====== Material shown ======

lemma quadratic_form_Lambda_block:
  assumes v: "v \<in> carrier_vec (m * n)" and k: "k < d"
  defines "z \<equiv> block_vec n (transpose_mat Jbar *\<^sub>v v) k"
  shows "z \<bullet> ((w k \<cdot>\<^sub>m (transpose_mat (C k) * C k)) *\<^sub>v z) =
    (if k \<in> G then w k * ((C k *\<^sub>v arc_diff v k) \<bullet> (C k *\<^sub>v arc_diff v k)) else 0)"
proof -
  have P: "transpose_mat (C k) * C k \<in> carrier_mat n n"
    using k by (rule gram_carrier)
  have z_eq: "z = (if k \<in> G then arc_diff v k else 0\<^sub>v n)"
    unfolding z_def by (rule block_vec_transpose_Jbar_mult[OF v k])
  show ?thesis
  proof (cases "k \<in> G")
    case True
    have y: "arc_diff v k \<in> carrier_vec n"
      by (simp add: arc_diff_def)
    have "z \<bullet> ((w k \<cdot>\<^sub>m (transpose_mat (C k) * C k)) *\<^sub>v z) =
        arc_diff v k \<bullet> (w k \<cdot>\<^sub>v ((transpose_mat (C k) * C k) *\<^sub>v arc_diff v k))"
      using True by (simp add: z_eq smult_mat_mult_vec[OF P y])
    also have "\<dots> = w k * (arc_diff v k \<bullet> ((transpose_mat (C k) * C k) *\<^sub>v arc_diff v k))"
      by (rule scalar_prod_smult_distrib[OF y mult_mat_vec_carrier[OF P y]])
    finally show ?thesis
      using True scalar_prod_transpose_mult_mat_vec[OF C_carrier[OF k] y] by simp
  next
    case False
    have "(w k \<cdot>\<^sub>m (transpose_mat (C k) * C k)) *\<^sub>v 0\<^sub>v n \<in> carrier_vec n"
      by (rule mult_mat_vec_carrier[OF smult_carrier_mat[OF P] zero_carrier_vec])
    then show ?thesis
      unfolding z_eq using False by simp
  qed
qed
lemma row_sum_topo_le_dmax:
  assumes "\<forall>x y. 0 \<le> A$x$y"
  shows "(\<Sum>k\<in>UNIV. topo sc a1 a2 A i $x$k) \<le> dmax A"
proof -
  have "(\<Sum>k\<in>UNIV. topo sc a1 a2 A i $x$k) \<le> (\<Sum>k\<in>UNIV. A$x$k)"
  proof (rule sum_mono)
    fix k
    show "topo sc a1 a2 A i $x$k \<le> A$x$k"
      using topo_entry_cases[of sc a1 a2 A i x k] assms by auto
  qed
  also have "\<dots> \<le> dmax A"
    unfolding dmax_def degree_def by (rule Max_ge) auto
  finally show ?thesis .
qed

lemma step_size_row_sum_topo_lt_1:
  assumes "\<forall>x y. 0 \<le> A$x$y" and "0 < h" and "h < 1 / dmax A"
  shows "h * (\<Sum>k\<in>UNIV. topo sc a1 a2 A i $x$k) < 1"
proof -
  have "0 < 1 / dmax A"
    using assms(2,3) by linarith
  then have "h * dmax A < 1"
    using assms(3) by (simp add: pos_less_divide_eq)
  then show ?thesis
    using mult_left_mono[OF row_sum_topo_le_dmax[OF assms(1)] less_imp_le[OF assms(2)]]
    by (rule le_less_trans[rotated])
qed

theorem theorem2:
  fixes M :: "'w measure" and \<sigma> :: "nat \<Rightarrow> 'w \<Rightarrow> nat"
    and A :: "real^'n^'n" and a1 a2 :: 'n and sc :: scenario
    and p :: "nat \<Rightarrow> real" and h :: real and kbar :: nat
  assumes "CARD('n) \<ge> 3"
    and "simple_graph_adj A" and "connected_graph A"
    and "a1 \<noteq> a2"
    and "\<forall>i\<in>{1..4}. 0 < p i \<and> p i < 1" and "p 1 + p 2 + p 3 + p 4 = 1"
    and "prob_space M"
    and "prob_space.indep_vars M (\<lambda>_. count_space UNIV) \<sigma> UNIV"
    and "\<forall>k i. i \<in> {1..4} \<longrightarrow> measure M {\<omega> \<in> space M. \<sigma> k \<omega> = i} = p i"
    and "0 < h" and "h < 1 / dmax A" and "kbar \<ge> 1"
    and "strongly_connected (expected_graph sc a1 a2 A p)"
  shows
    "(\<forall>x0 :: real^'n. \<forall>\<epsilon>>0.
       (\<lambda>k. measure M {\<omega> \<in> space M.
          spread (traj (\<lambda>i. mpow (mat 1 - h *\<^sub>R lap (topo sc a1 a2 A i)) kbar) x0
                       (\<lambda>j. \<sigma> j \<omega>) k) \<ge> \<epsilon>}) \<longlonglongrightarrow> 0)
     \<and> (\<forall>x0 :: real^'n. \<forall>\<epsilon>>0.
       (\<lambda>k. measure M {\<omega> \<in> space M.
          spread (traj (\<lambda>i. mexp (- ((real kbar * h) *\<^sub>R lap (topo sc a1 a2 A i)))) x0
                       (\<lambda>j. \<sigma> j \<omega>) k) \<ge> \<epsilon>}) \<longlonglongrightarrow> 0)"
proof -
  interpret prob_space M by fact
  have A: "\<forall>x y. 0 \<le> A$x$y" using assms(2) by (rule simple_graph_adj_nonneg)
  have A_conn: "strongly_connected A" using assms(3) by (simp add: connected_graph_def)
  have h_row: "h * (\<Sum>k\<in>UNIV. topo sc a1 a2 A i $x$k) < 1" for i x
    using A assms(10,11) by (rule step_size_row_sum_topo_lt_1)
  have q: "\<And>k. prob {\<omega> \<in> space M. \<sigma> k \<omega> = 4} = p 4" and "0 < p 4"
    using assms(5,9) by auto
  have topo4: "topo sc a1 a2 A 4 = A" by (simp add: topo_def)
  obtain N where "0 < N"
    and euler_pos: "\<forall>i j. 0 < mpow (mpow (mat 1 - h *\<^sub>R lap (topo sc a1 a2 A 4)) kbar) N $i$j"
    using mpow_identity_minus_lap_positive[OF A A_conn assms(10) h_row[of 4, unfolded topo4] assms(12)]
    unfolding topo4 by blast
  have euler_stoch: "stochastic (mpow (mat 1 - h *\<^sub>R lap (topo sc a1 a2 A i)) kbar)" for i
    using stochastic_identity_minus_lap[OF topo_nonneg[OF A] _ less_imp_le[OF h_row]] assms(10)
    by (simp add: stochastic_mpow)
  have "0 < real kbar * h" using assms(10,12) by simp
  then have exp_pos: "\<forall>i j. 0 < mpow (mexp (- ((real kbar * h) *\<^sub>R lap (topo sc a1 a2 A 4)))) 1 $i$j"
    by (simp add: topo4 mexp_neg_lap_positive[OF A A_conn])
  have exp_stoch: "stochastic (mexp (- ((real kbar * h) *\<^sub>R lap (topo sc a1 a2 A i))))" for i
    using stochastic_mexp_neg_lap[OF topo_nonneg[OF A]] \<open>0 < real kbar * h\<close> by simp
  note euler = consensus_in_probability[where F="\<lambda>i. mpow (mat 1 - h *\<^sub>R lap (topo sc a1 a2 A i)) kbar",
      OF assms(8) q \<open>0 < p 4\<close> euler_stoch euler_pos \<open>0 < N\<close>]
  note exponential = consensus_in_probability[where F="\<lambda>i. mexp (- ((real kbar * h) *\<^sub>R lap (topo sc a1 a2 A i)))",
      OF assms(8) q \<open>0 < p 4\<close> exp_stoch exp_pos zero_less_one]
  show ?thesis
    by (intro conjI allI impI) (erule euler, erule exponential)
qed

end
lemma partition_indeps_augment:
  assumes "finite S" "disjoint_family_on X S" "finite (\<Union>h\<in>S. X h)"
    and I: "I \<in> partition_indeps S X t" and J: "J \<in> partition_indeps S X t"
    and less: "card I < card J"
  shows "\<exists>x\<in>J - I. insert x I \<in> partition_indeps S X t"
proof -
  have fin: "finite I" "finite J"
    using I J assms(3) by (auto simp: partition_indeps_def intro: finite_subset)
  have "(\<Sum>h\<in>S. card (I \<inter> X h)) < (\<Sum>h\<in>S. card (J \<inter> X h))"
    using less I J fin card_eq_sum_card_Int[OF assms(1,2)]
    by (simp add: partition_indeps_def)
  then obtain h where h: "h \<in> S" "card (I \<inter> X h) < card (J \<inter> X h)"
    by (meson not_less sum_mono)
  then have "\<not> J \<inter> X h \<subseteq> I \<inter> X h"
    using card_mono[of "I \<inter> X h" "J \<inter> X h"] fin by auto
  then obtain x where x: "x \<in> J" "x \<in> X h" "x \<notin> I" by blast
  have "card (insert x I \<inter> X g) \<le> t g" if g: "g \<in> S" for g
  proof (cases "g = h")
    case True
    then have "card (insert x I \<inter> X g) = Suc (card (I \<inter> X h))"
      using x fin by simp
    also have "\<dots> \<le> t h"
      using h J by (auto simp: partition_indeps_def intro: le_trans)
    finally show ?thesis using True by simp
  next
    case False
    then have "x \<notin> X g" using x g h assms(2) by (auto simp: disjoint_family_on_def)
    then show ?thesis using I g by (auto simp: partition_indeps_def)
  qed
  then have "insert x I \<in> partition_indeps S X t"
    using I x h by (auto simp: partition_indeps_def)
  then show ?thesis using x by blast
qed
(* Let $\Lambda$ be a row-finite $k$-graph with no sources and $R$ a commutative ring with $1$. Let $a$ be a nonzero element of the center $Z(\mathrm{KP}_R(\Lambda))$, written in normal form $a=\sum_{(\alpha,\beta)\in F}r_{\alpha,\beta}s_\alpha s_{\beta^*}$. Then: (1) for every $(\sigma,\tau)\in F$, $r(\sigma)=r(\tau)$; (2) setting $W=\{v\in\Lambda^0:\ v=r(\beta)\text{ for some }(\alpha,\beta)\in F\}$, if $\mu\in\Lambda$ satisfies $s(\mu)\in W$ then $r(\mu)\in W$; (3) for every $(\sigma,\tau)\in F$ there is $(\alpha,\beta)\in F$ with $r(\alpha)=r(\beta)=s(\sigma)=s(\tau)$; (4) there exist $l\in\mathbb{N}\setminus\{0\}$ and $(\alpha_1,\beta_1),\dots,(\alpha_l,\beta_l)\in F$ such that the composite $\beta_1\cdots\beta_l$ is defined and is a closed path, i.e. $r(\beta_1\cdots\beta_l)=s(\beta_1\cdots\beta_l)$.
   Context: A $k$-graph is a countable category $\Lambda$ with a functor $d:\Lambda\to\mathbb{N}^k$ ($\mathbb{N}^k$ a one-object category under addition) with unique factorization: whenever $d(\lambda)=m+n$ there are unique $\mu,\nu$ with $d(\mu)=m,d(\nu)=n,\lambda=\mu\nu$. $\Lambda^0$ = vertices (degree-$0$ morphisms), $\Lambda^n=d^{-1}(n)$, $r,s$ range and source, $\lambda\mu$ defined when $s(\lambda)=r(\mu)$, $v\Lambda^n=\{\lambda\in\Lambda^n:r(\lambda)=v\}$. Row-finite: $v\Lambda^n$ finite; no sources: $v\Lambda^n\ne\emptyset$. Kumjian-Pask $\Lambda$-family in an $R$-algebra $A$: $P:\Lambda^0\to A$, $S:\Lambda^{\ne0}\cup\{\lambda^*:\lambda\in\Lambda^{\neq0}\}\to A$ with (KP1) $P_v$ mutually orthogonal idempotents; (KP2) for $r(\mu)=s(\lambda)$: $S_\lambda S_\mu=S_{\lambda\mu}$, $S_{\mu^*}S_{\lambda^*}=S_{(\lambda\mu)^*}$, $P_{r(\lambda)}S_\lambda=S_\lambda=S_\lambda P_{s(\lambda)}$, $P_{s(\lambda)}S_{\lambda^*}=S_{\lambda^*}=S_{\lambda^*}P_{r(\lambda)}$; (KP3) $S_{\lambda^*}S_\mu=\delta_{\lambda,\mu}P_{s(\lambda)}$ when $d(\lambda)=d(\mu)$; (KP4) $P_v=\sum_{\lambda\in v\Lambda^n}S_\lambda S_{\lambda^*}$ for $n\ne0$. $\mathrm{KP}_R(\Lambda)$ is the $R$-algebra generated by a universal such family $(p,s)$; for a vertex $v$, $s_v=s_{v^*}=p_v$. Normal form: a nonzero $a\in\mathrm{KP}_R(\Lambda)$ is written in normal form $a=\sum_{(\alpha,\beta)\in F}r_{\alpha,\beta}s_\alpha s_{\beta^*}$ if there is $m\in\mathbb{N}^k$ with $F\subset\Lambda\times\Lambda^m$ finite, every $r_{\alpha,\beta}\in R\setminus\{0\}$, and $s(\alpha)=s(\beta)$ for all $(\alpha,\beta)\in F$. (Every nonzero element admits such a form.) *)

theory Defs
  imports "HOL-Algebra.QuotRing" "HOL-Library.Countable_Set"
begin

text \<open>A k-graph is given by its set of morphisms, range and source maps (whose
values are the identity morphisms = vertices), composition (comp l m = l m,
defined when src l = rng m) and the degree functor into N^k, where N^k is
represented as functions 'k => nat for a finite index type 'k (k = CARD('k)).\<close>

record ('a, 'k) kgraph =
  kg_arr  :: "'a set"
  kg_rng  :: "'a \<Rightarrow> 'a"
  kg_src  :: "'a \<Rightarrow> 'a"
  kg_comp :: "'a \<Rightarrow> 'a \<Rightarrow> 'a"
  kg_deg  :: "'a \<Rightarrow> 'k \<Rightarrow> nat"
text \<open>Cauchy--Schwarz against \<open>s\<^sup>2 - (|s|\<^sup>2/3) I\<close>, whose squared norm is \<open>|s|\<^sup>4/6\<close>
  for traceless symmetric \<open>s\<close>.\<close>
lemma traceless_Sym_cube_trace_sq_le:
  assumes "s \<in> Sym" "frob Id3 s = 0"
  shows "(frob (s ** s ** s) Id3)\<^sup>2 \<le> (frob s s)^3 / 6"
proof -
  define a where "a = s$1$1"
  define b where "b = s$2$2"
  define d where "d = s$1$2"
  define e where "e = s$1$3"
  define f where "f = s$2$3"
  have s_sym: "s$2$1 = d" "s$3$1 = e" "s$3$2 = f"
    using Sym_entry[OF assms(1)] by (auto simp: d_def e_def f_def)
  have s33: "s$3$3 = - a - b"
    using assms(2) by (simp add: frob_def sum_3 Id3_def mat_def a_def b_def)
  define W where "W = s ** s - (frob s s / 3) *\<^sub>R Id3"
  have sW: "s \<bullet> W = frob (s ** s ** s) Id3"
    unfolding W_def frob_def
    by (simp add: inner_vec_def sum_3 Id3_def mat_def matrix_matrix_mult_def s_sym s33
        flip: a_def b_def d_def e_def f_def; algebra)
  have WW: "W \<bullet> W = (frob s s)\<^sup>2 / 6"
    unfolding W_def frob_def
    by (simp add: inner_vec_def sum_3 Id3_def mat_def matrix_matrix_mult_def s_sym s33
        flip: a_def b_def d_def e_def f_def; algebra)
  have "(s \<bullet> W)\<^sup>2 \<le> (s \<bullet> s) * (W \<bullet> W)"
    by (rule Cauchy_Schwarz_ineq)
  then have "(frob (s ** s ** s) Id3)\<^sup>2 \<le> frob s s * ((frob s s)\<^sup>2 / 6)"
    by (simp only: sW WW frob_eq_inner)
  then show ?thesis
    by (simp add: power2_eq_square power3_eq_cube)
qed

lemma J2_eq_rho_sq: "J2 A = (rho A)\<^sup>2 / 2"
  by (simp add: J2_def rho_eq_norm_dev frob_eq_inner power2_norm_eq_inner)

lemma cos_theta_ge_half:
  assumes "A \<in> Sym" "rho A > 0"
  shows "1/2 \<le> cos (theta A)"
proof -
  define t3 where "t3 = frob (dev A ** dev A ** dev A) Id3"
  have t3_sq: "t3\<^sup>2 \<le> (rho A)^6 / 6"
    using traceless_Sym_cube_trace_sq_le[OF Sym_dev[OF assms(1)]] pm_dev[of A]
    by (simp add: t3_def pm_def frob_eq_inner rho_eq_norm_dev flip: power2_norm_eq_inner)
  define x where "x = 3 * sqrt 3 / 2 * J3 A / (J2 A powr (3/2))"
  have "(J2 A powr (3/2))\<^sup>2 = J2 A powr 3"
    by (simp add: power2_eq_square flip: powr_add)
  also have "\<dots> = ((rho A)\<^sup>2 / 2)^3"
    using assms(2) by (simp add: J2_eq_rho_sq powr_realpow)
  finally have J2_powr_sq: "(J2 A powr (3/2))\<^sup>2 = ((rho A)\<^sup>2 / 2)^3" .
  have "x\<^sup>2 = 27/4 * (t3/3)\<^sup>2 / (J2 A powr (3/2))\<^sup>2"
    by (simp add: x_def J3_def t3_def power_divide power_mult_distrib)
  also have "\<dots> = 6 * t3\<^sup>2 / (rho A)^6"
    unfolding J2_powr_sq by (simp add: power_divide field_simps)
  also have "\<dots> \<le> 1"
    using t3_sq assms(2) by (simp add: divide_le_eq)
  finally have "-1 \<le> x \<and> x \<le> 1"
    using abs_le_square_iff[of x 1] by auto
  then have "0 \<le> theta A" "theta A \<le> pi/3"
    using arccos_bounded[of x] by (auto simp: theta_def x_def)
  then have "cos (pi/3) \<le> cos (theta A)"
    by (intro cos_monotone_0_pi_le) auto
  then show ?thesis
    by (simp add: cos_60)
qed

lemma theta_eq_if_dev_scaleR:
  assumes "dev A = k *\<^sub>R dev B" "k > 0"
  shows "theta A = theta B"
proof -
  have cube: "(k *\<^sub>R X) ** (k *\<^sub>R X) ** (k *\<^sub>R X) = k^3 *\<^sub>R (X ** X ** X)" for X :: mat3
    by (simp add: scalar_matrix_assoc matrix_scalar_ac power3_eq_cube mult_ac)
  have "(k\<^sup>2) powr (3/2) = (k powr real 2) powr (3/2)"
    using assms(2) by (simp only: powr_realpow)
  also have "\<dots> = k powr real 3"
    by (simp add: powr_powr)
  also have "\<dots> = k^3"
    using assms(2) by (simp only: powr_realpow)
  finally have "(k\<^sup>2) powr (3/2) = k^3" .
  moreover have "J2 A = k\<^sup>2 * J2 B"
    using assms(1) by (simp add: J2_def frob_eq_inner power2_eq_square)
  moreover have "J2 B \<ge> 0"
    by (simp add: J2_eq_rho_sq)
  ultimately have "J2 A powr (3/2) = k^3 * J2 B powr (3/2)"
    by (simp add: powr_mult)
  moreover have "J3 A = k^3 * J3 B"
    using assms(1) by (simp add: J3_def frob_eq_inner cube)
  ultimately show ?thesis
    using assms(2) by (simp add: theta_def mult.assoc)
qed

lemma r_e_nonneg:
  assumes "1/2 \<le> e" "e \<le> 1" "1/2 \<le> c"
  shows "r_e e c \<ge> 0"
proof -
  have "c\<^sup>2 \<ge> 1/4"
    using power_mono[of "1/2" c 2] assms(3) by (simp add: power2_eq_square)
  moreover have "1 - e\<^sup>2 \<ge> 0"
    using assms by (simp add: power_le_one)
  ultimately have "4 * (1 - e\<^sup>2) * c\<^sup>2 \<ge> 1 - e\<^sup>2"
    using mult_left_mono[of "1/4" "c\<^sup>2" "1 - e\<^sup>2"] by (simp add: algebra_simps)
  then have "4 * (1 - e\<^sup>2) * c\<^sup>2 + 5 * e\<^sup>2 - 4 * e \<ge> (2*e - 1)\<^sup>2"
    by (simp add: power2_eq_square algebra_simps)
  then have "4 * (1 - e\<^sup>2) * c\<^sup>2 + 5 * e\<^sup>2 - 4 * e \<ge> 0"
    by (smt (verit) zero_le_power2)
  with \<open>1 - e\<^sup>2 \<ge> 0\<close> assms show ?thesis
    unfolding r_e_def by (intro divide_nonneg_nonneg add_nonneg_nonneg mult_nonneg_nonneg) auto
qed

lemma r_e_tr_nonneg:
  assumes "1/2 \<le> e" "e \<le> 1" "A \<in> Sym"
  shows "r_e_tr e A \<ge> 0"
  using assms cos_theta_ge_half[OF assms(3)] r_e_nonneg by (simp add: r_e_tr_def)

lemma rho_e_eq_r_e_tr: "rho_e e A = rho A * r_e_tr e A"
  by (simp add: rho_e_def r_e_tr_def)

======

** Activity **
Find the string "forall" in the listing and return every line that holds it.

** Answer section **
  assumes "\<forall>x y. 0 \<le> A$x$y"
  assumes "\<forall>x y. 0 \<le> A$x$y" and "0 < h" and "h < 1 / dmax A"
    and "\<forall>i\<in>{1..4}. 0 < p i \<and> p i < 1" and "p 1 + p 2 + p 3 + p 4 = 1"
    and "\<forall>k i. i \<in> {1..4} \<longrightarrow> measure M {\<omega> \<in> space M. \<sigma> k \<omega> = i} = p i"
    "(\<forall>x0 :: real^'n. \<forall>\<epsilon>>0.
     \<and> (\<forall>x0 :: real^'n. \<forall>\<epsilon>>0.
  have A: "\<forall>x y. 0 \<le> A$x$y" using assms(2) by (rule simple_graph_adj_nonneg)
    and euler_pos: "\<forall>i j. 0 < mpow (mpow (mat 1 - h *\<^sub>R lap (topo sc a1 a2 A 4)) kbar) N $i$j"
  then have exp_pos: "\<forall>i j. 0 < mpow (mexp (- ((real kbar * h) *\<^sub>R lap (topo sc a1 a2 A 4)))) 1 $i$j"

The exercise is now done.